Intra-action, as theorized by Karen Barad, names the process by which agencies emerge through encounter rather than preceding it. Where “interaction” presupposes that two distinct entities meet, intra-action holds that the entities themselves are constituted through the encounter — they do not exist as determinate agencies prior to the intra-action that produces them.

Barad develops the concept from Niels Bohr’s philosophy-physics: in quantum mechanics, the properties of a particle are not intrinsic to the particle but are constituted through the specific measurement apparatus used to observe them. A photon does not possess the property of “wave” or “particle” independently — it manifests one or the other through the specific experimental arrangement in which it participates. The apparatus and the photon are not separate entities that interact; they are co-constituted through the phenomenon of measurement.

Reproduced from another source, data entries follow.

lemma beta_closed_uplus_right_fiber:
  assumes S: "add_closed S" and N: "beta_closed S N" and e: "ultrafilter_on S e"
  shows "beta_closed S {q\<in>N. uplus S q e = e}"
proof (rule beta_closedI)
  show "ultrafilter_on S q" if "q \<in> {q\<in>N. uplus S q e = e}" for q
    using that beta_closed_ultrafilter[OF N] by blast
  fix p assume p: "ultrafilter_on S p" and near: "\<And>A. A \<in> p \<Longrightarrow> \<exists>q\<in>{q\<in>N. uplus S q e = e}. A \<in> q"
  have "p \<in> N" by (rule beta_closedD[OF N p]) (use near in blast)
  have "e \<subseteq> uplus S p e"
  proof
    fix B assume "B \<in> e"
    let ?D = "{s\<in>S. lshift S s B \<in> e}"
    have "?D \<subseteq> S" by blast
    have "?D \<in> p"
    proof (rule ccontr)
      assume "?D \<notin> p"
      then have "S - ?D \<in> p" using uf_Diff_iff[OF p \<open>?D \<subseteq> S\<close>] by simp
      then obtain q where q: "q \<in> {q\<in>N. uplus S q e = e}" "S - ?D \<in> q" using near by blast
      then have "?D \<in> q" using \<open>B \<in> e\<close> uplus_iff[of B S q e] by simp
      moreover have "ultrafilter_on S q" using q(1) beta_closed_ultrafilter[OF N] by simp
      ultimately show False using uf_Diff_iff[OF _ \<open>?D \<subseteq> S\<close>] q(2) by simp
    qed
    then show "B \<in> uplus S p e" unfolding uplus_iff using uf_subset[OF e \<open>B \<in> e\<close>] by blast
  qed
  then have "e = uplus S p e" by (rule uf_eqI[OF e ultrafilter_uplus[OF S p e]])
  then show "p \<in> {q\<in>N. uplus S q e = e}" using \<open>p \<in> N\<close> by simp
qed

definition closed_subsemigroup :: "real set \<Rightarrow> real set set set \<Rightarrow> bool" where
  "closed_subsemigroup S N \<longleftrightarrow> N \<noteq> {} \<and> beta_closed S N \<and> (\<forall>p\<in>N. \<forall>q\<in>N. uplus S p q \<in> N)"

lemma closed_subsemigroupI:
  "N \<noteq> {} \<Longrightarrow> beta_closed S N \<Longrightarrow> (\<And>p q. p \<in> N \<Longrightarrow> q \<in> N \<Longrightarrow> uplus S p q \<in> N) \<Longrightarrow>
   closed_subsemigroup S N"
  unfolding closed_subsemigroup_def by blast
lemma induced_hom_canonical_map_locally_constant:
  fixes S :: "'a::metric_space set"
  assumes "compact S" and "x0 \<in> S" and lf: "lf_open_cover (top_of_set S) \<U>"
    and pou: "pou_subordinate (top_of_set S) \<U> U0 x0 \<phi>"
  shows "\<exists>\<delta>>0. \<forall>a\<in>(homotopy_group (top_of_set S) x0 :: (real^'n \<Rightarrow> 'a) set set).
           \<forall>b\<in>homotopy_group (top_of_set S) x0. rho a b < \<delta> \<longrightarrow>
             induced_hom (canonical_map \<phi>) (nerve_top \<U>) (nerve_vertex U0) b =
             induced_hom (canonical_map \<phi>) (nerve_top \<U>) (nerve_vertex U0) a"
proof -
  let ?p = "canonical_map \<phi>" and ?N = "nerve_top \<U>" and ?v = "nerve_vertex U0"
  obtain \<delta> where "\<delta> > 0" and common:
    "\<forall>y\<in>S. \<forall>z\<in>S. dist y z < \<delta> \<longrightarrow> \<Inter>{U. \<phi> U y \<noteq> 0 \<or> \<phi> U z \<noteq> 0} \<noteq> {}"
    using pou_lebesgue_number[OF \<open>compact S\<close> lf pou] by blast
  have p: "continuous_map (top_of_set S) ?N ?p" "?p x0 = ?v"
    using canonical_map_continuous[OF pou] canonical_map_basepoint[OF pou \<open>x0 \<in> S\<close>] .
  have same_image: "induced_hom ?p ?N ?v b = induced_hom ?p ?N ?v a"
    if a: "a \<in> homotopy_group (top_of_set S) x0" and b: "b \<in> homotopy_group (top_of_set S) x0"
      and "rho a b < \<delta>" for a b :: "(real^'n \<Rightarrow> 'a) set"
  proof -
    obtain \<alpha> \<beta> where "\<alpha> \<in> a" "\<beta> \<in> b" and close: "\<forall>t\<in>ucube. dist (\<alpha> t) (\<beta> t) < \<delta>"
      using rho_less_close_representatives[OF \<open>compact S\<close> \<open>x0 \<in> S\<close> a b \<open>rho a b < \<delta>\<close>] by blast
    have \<alpha>: "\<alpha> \<in> Omega_n (top_of_set S) x0" and \<beta>: "\<beta> \<in> Omega_n (top_of_set S) x0"
      using homotopy_group_memD(1)[OF a \<open>\<alpha> \<in> a\<close>] homotopy_group_memD(1)[OF b \<open>\<beta> \<in> b\<close>] .
    have "hrel ?N ?v (?p \<circ> \<alpha>) (?p \<circ> \<beta>)"
      unfolding nerve_top_def
    proof (rule hrel_straight_line)
      show "?p \<circ> \<alpha> \<in> Omega_n (top_of_set (nerve_realization \<U>)) ?v"
           "?p \<circ> \<beta> \<in> Omega_n (top_of_set (nerve_realization \<U>)) ?v"
        using Omega_n_compose[OF p] \<alpha> \<beta> unfolding nerve_top_def by auto
      fix s :: real and t :: "real^'n"
      assume "s \<in> {0..1}" "t \<in> ucube"
      have "\<alpha> t \<in> S" "\<beta> t \<in> S"
        using Omega_n_in_space \<alpha> \<beta> \<open>x0 \<in> S\<close> by auto
      then have "\<Inter>{U. ?p (\<alpha> t) U \<noteq> 0 \<or> ?p (\<beta> t) U \<noteq> 0} \<noteq> {}"
        using common close \<open>t \<in> ucube\<close> unfolding canonical_map_def by blast
      moreover have "0 \<le> s" "s \<le> 1"
        using \<open>s \<in> {0..1}\<close> by auto
      ultimately have "(\<lambda>U. (1 - s) * ?p (\<alpha> t) U + s * ?p (\<beta> t) U) \<in> nerve_realization \<U>"
        by (intro nerve_realization_segment canonical_map_in_nerve[OF pou] \<open>\<alpha> t \<in> S\<close> \<open>\<beta> t \<in> S\<close>)
      then show "(\<lambda>U. (1 - s) * (?p \<circ> \<alpha>) t U + s * (?p \<circ> \<beta>) t U) \<in> nerve_realization \<U>"
        by simp
    qed
    then have "hclass ?N ?v (?p \<circ> \<alpha>) = hclass ?N ?v (?p \<circ> \<beta>)"
      by (rule hclass_eq)
    then show ?thesis
      using induced_hom_eq_hclass[OF p a \<open>\<alpha> \<in> a\<close>] induced_hom_eq_hclass[OF p b \<open>\<beta> \<in> b\<close>] by simp
  qed
  show ?thesis
    using \<open>\<delta> > 0\<close> same_image by (intro exI[of _ \<delta>]) simp
qed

This is not a claim limited to quantum mechanics. Barad extends it into ontology: all agencies, all boundaries, all properties are produced through intra-actions. What counts as an “object” and what counts as a “subject” are not given in advance but cut from the relational field by specific material-discursive practices. The “agential cut” — the production of determinate boundaries from an entangled field — is the basic ontological act.

Intra-action is a form of relational ontology arrived at through physics: relations are ontologically prior to relata, and what we call entities are patterns stabilized through ongoing intra-actions. This parallels process philosophy’s claim that actual occasions constitute themselves through prehension, and the semiotic universe’s derivation of determinate structure from relational process.